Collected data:
lemma AE_eventually_lin_compl_le:
  assumes "0 < \<epsilon>"
  shows "AE a in uniform_sequences. eventually (\<lambda>n.
    real (lin_compl (a :: nat \<Rightarrow> 'm::finite \<Rightarrow> 'a::{finite,field}) n)
      \<le> (real CARD('m) / (real CARD('m) + 1) + \<epsilon>) * real n) sequentially"
proof -
  define M where "M = real CARD('m)"
  define \<beta> where "\<beta> = M / (M + 1) + \<epsilon>"
  define q where "q = real CARD('a)"
  define L where "L n = nat \<lfloor>\<beta> * real n\<rfloor>" for n
  define S where "S n = {x \<in> {1..n} \<rightarrow>\<^sub>E UNIV. L n < lin_compl (x :: nat \<Rightarrow> 'm \<Rightarrow> 'a) n}" for n
  have \<beta>: "0 < \<beta>" "(M + 1) * \<beta> = M + (M + 1) * \<epsilon>"
    using assms by (simp_all add: \<beta>_def M_def field_simps add_pos_nonneg)
  have q: "1 < q" using card_finite_field_ge_2[where 'a='a] by (simp add: q_def)
  define r where "r = q powr (- (M + 1) * \<epsilon>)"
  have r: "0 \<le> r" "r < 1"
    using q assms unfolding r_def by (auto intro!: powr_less_one mult_neg_pos simp: M_def)
  have bound: "real (card (S n)) / real CARD('m \<Rightarrow> 'a) ^ n \<le> q powr (M + 1) * r ^ n" for n
  proof -
    have "((M + 1) * \<beta>) * real n < (M + 1) * (real (L n) + 1)"
      using less_nat_floor_add_one[of "\<beta> * real n"] \<beta>(1) unfolding mult.assoc
      by (simp add: L_def M_def)
    then have "M * real n - (M + 1) * real (L n) \<le> (M + 1) + real n * (- (M + 1) * \<epsilon>)"
      unfolding \<beta>(2) by (simp add: algebra_simps)
    then have "q powr (M * real n - (M + 1) * real (L n)) \<le> q powr (M + 1) * r ^ n"
      using q by (simp add: r_def powr_power flip: powr_add)
    with card_lin_compl_gt_bound[where 'm='m and 'a='a, of n "L n"] show ?thesis
      unfolding S_def M_def q_def by linarith
  qed
  have "AE a in uniform_sequences. eventually (\<lambda>n. restrict a {1..n} \<notin> S n) sequentially"
    by (rule AE_eventually_restrict_notin_geometric[OF _ bound r]) (auto simp: S_def)
  then show ?thesis
  proof (rule eventually_mono, elim eventually_mono)
    fix a :: "nat \<Rightarrow> 'm \<Rightarrow> 'a" and n assume "restrict a {1..n} \<notin> S n"
    then have "lin_compl (restrict a {1..n}) n \<le> L n" by (auto simp: S_def)
    then have "lin_compl a n \<le> L n" unfolding lin_compl_restrict .
    moreover have "real (L n) \<le> \<beta> * real n"
      unfolding L_def using \<beta>(1) by (intro of_nat_floor) simp
    ultimately show "real (lin_compl a n) \<le> (real CARD('m) / (real CARD('m) + 1) + \<epsilon>) * real n"
      unfolding \<beta>_def M_def by linarith
  qed
qed

lemma AE_LIMSEQ_if_AE_eventually_dist_le:
  fixes f :: "'b \<Rightarrow> nat \<Rightarrow> 'c::metric_space"
  assumes "\<And>\<epsilon>. 0 < \<epsilon> \<Longrightarrow> AE x in M. eventually (\<lambda>n. dist (f x n) l \<le> \<epsilon>) sequentially"
  shows "AE x in M. f x \<longlonglongrightarrow> l"
proof -
  have "AE x in M. \<forall>j::nat. eventually (\<lambda>n. dist (f x n) l \<le> inverse (real (Suc j))) sequentially"
    unfolding AE_all_countable by (intro allI assms) simp
  then show ?thesis
  proof (rule eventually_mono)
    fix x assume close: "\<forall>j::nat. eventually (\<lambda>n. dist (f x n) l \<le> inverse (real (Suc j))) sequentially"
    show "f x \<longlonglongrightarrow> l"
    proof (rule tendstoI)
      fix e :: real assume "0 < e"
      then obtain j where "inverse (real (Suc j)) < e" using reals_Archimedean by blast
      with close[rule_format, of j] show "eventually (\<lambda>n. dist (f x n) l < e) sequentially"
        by (elim eventually_mono) linarith
    qed
  qed
qed

lemma dist_divide_le_if_bounds:
  fixes x \<alpha> \<epsilon> n :: real
  assumes "0 < n" "(\<alpha> - \<epsilon>) * n \<le> x" "x \<le> (\<alpha> + \<epsilon>) * n"
  shows "dist (x / n) \<alpha> \<le> \<epsilon>"
proof -
  have "\<alpha> - \<epsilon> \<le> x / n" "x / n \<le> \<alpha> + \<epsilon>"
    using assms by (simp_all add: pos_le_divide_eq pos_divide_le_eq)
  then show ?thesis by (simp add: dist_real_def abs_le_iff)
qed

theorem mainTheorem16:
  "AE a in (\<Pi>\<^sub>M k\<in>{1::nat..}. measure_pmf (pmf_of_set (UNIV :: ('m::finite \<Rightarrow> 'a::{finite,field}) set))).
     (\<lambda>n. real (lin_compl a n) / real n) \<longlonglongrightarrow> real CARD('m) / (real CARD('m) + 1)"
proof (rule AE_LIMSEQ_if_AE_eventually_dist_le)
  fix \<epsilon> :: real assume "0 < \<epsilon>"
  let ?\<alpha> = "real CARD('m) / (real CARD('m) + 1)"
  show "AE a in uniform_sequences. eventually (\<lambda>n.
      dist (real (lin_compl (a :: nat \<Rightarrow> 'm \<Rightarrow> 'a) n) / real n) ?\<alpha> \<le> \<epsilon>) sequentially"
    using AE_eventually_lin_compl_ge[OF \<open>0 < \<epsilon>\<close>] AE_eventually_lin_compl_le[OF \<open>0 < \<epsilon>\<close>]
  proof eventually_elim
    case (elim a)
    with eventually_ge_at_top[of 1] show ?case
      by eventually_elim (auto intro: dist_divide_le_if_bounds)
  qed
qed

end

How to complete this task: Where the data above reaches the line holding "fix x assume", begin printing, and stop after the line holding "with close[rule_format, of". Each line must be reproduced exactly, with nothing else added.

Response to the task:
    fix x assume close: "\<forall>j::nat. eventually (\<lambda>n. dist (f x n) l \<le> inverse (real (Suc j))) sequentially"
    show "f x \<longlonglongrightarrow> l"
    proof (rule tendstoI)
      fix e :: real assume "0 < e"
      then obtain j where "inverse (real (Suc j)) < e" using reals_Archimedean by blast
      with close[rule_format, of j] show "eventually (\<lambda>n. dist (f x n) l < e) sequentially"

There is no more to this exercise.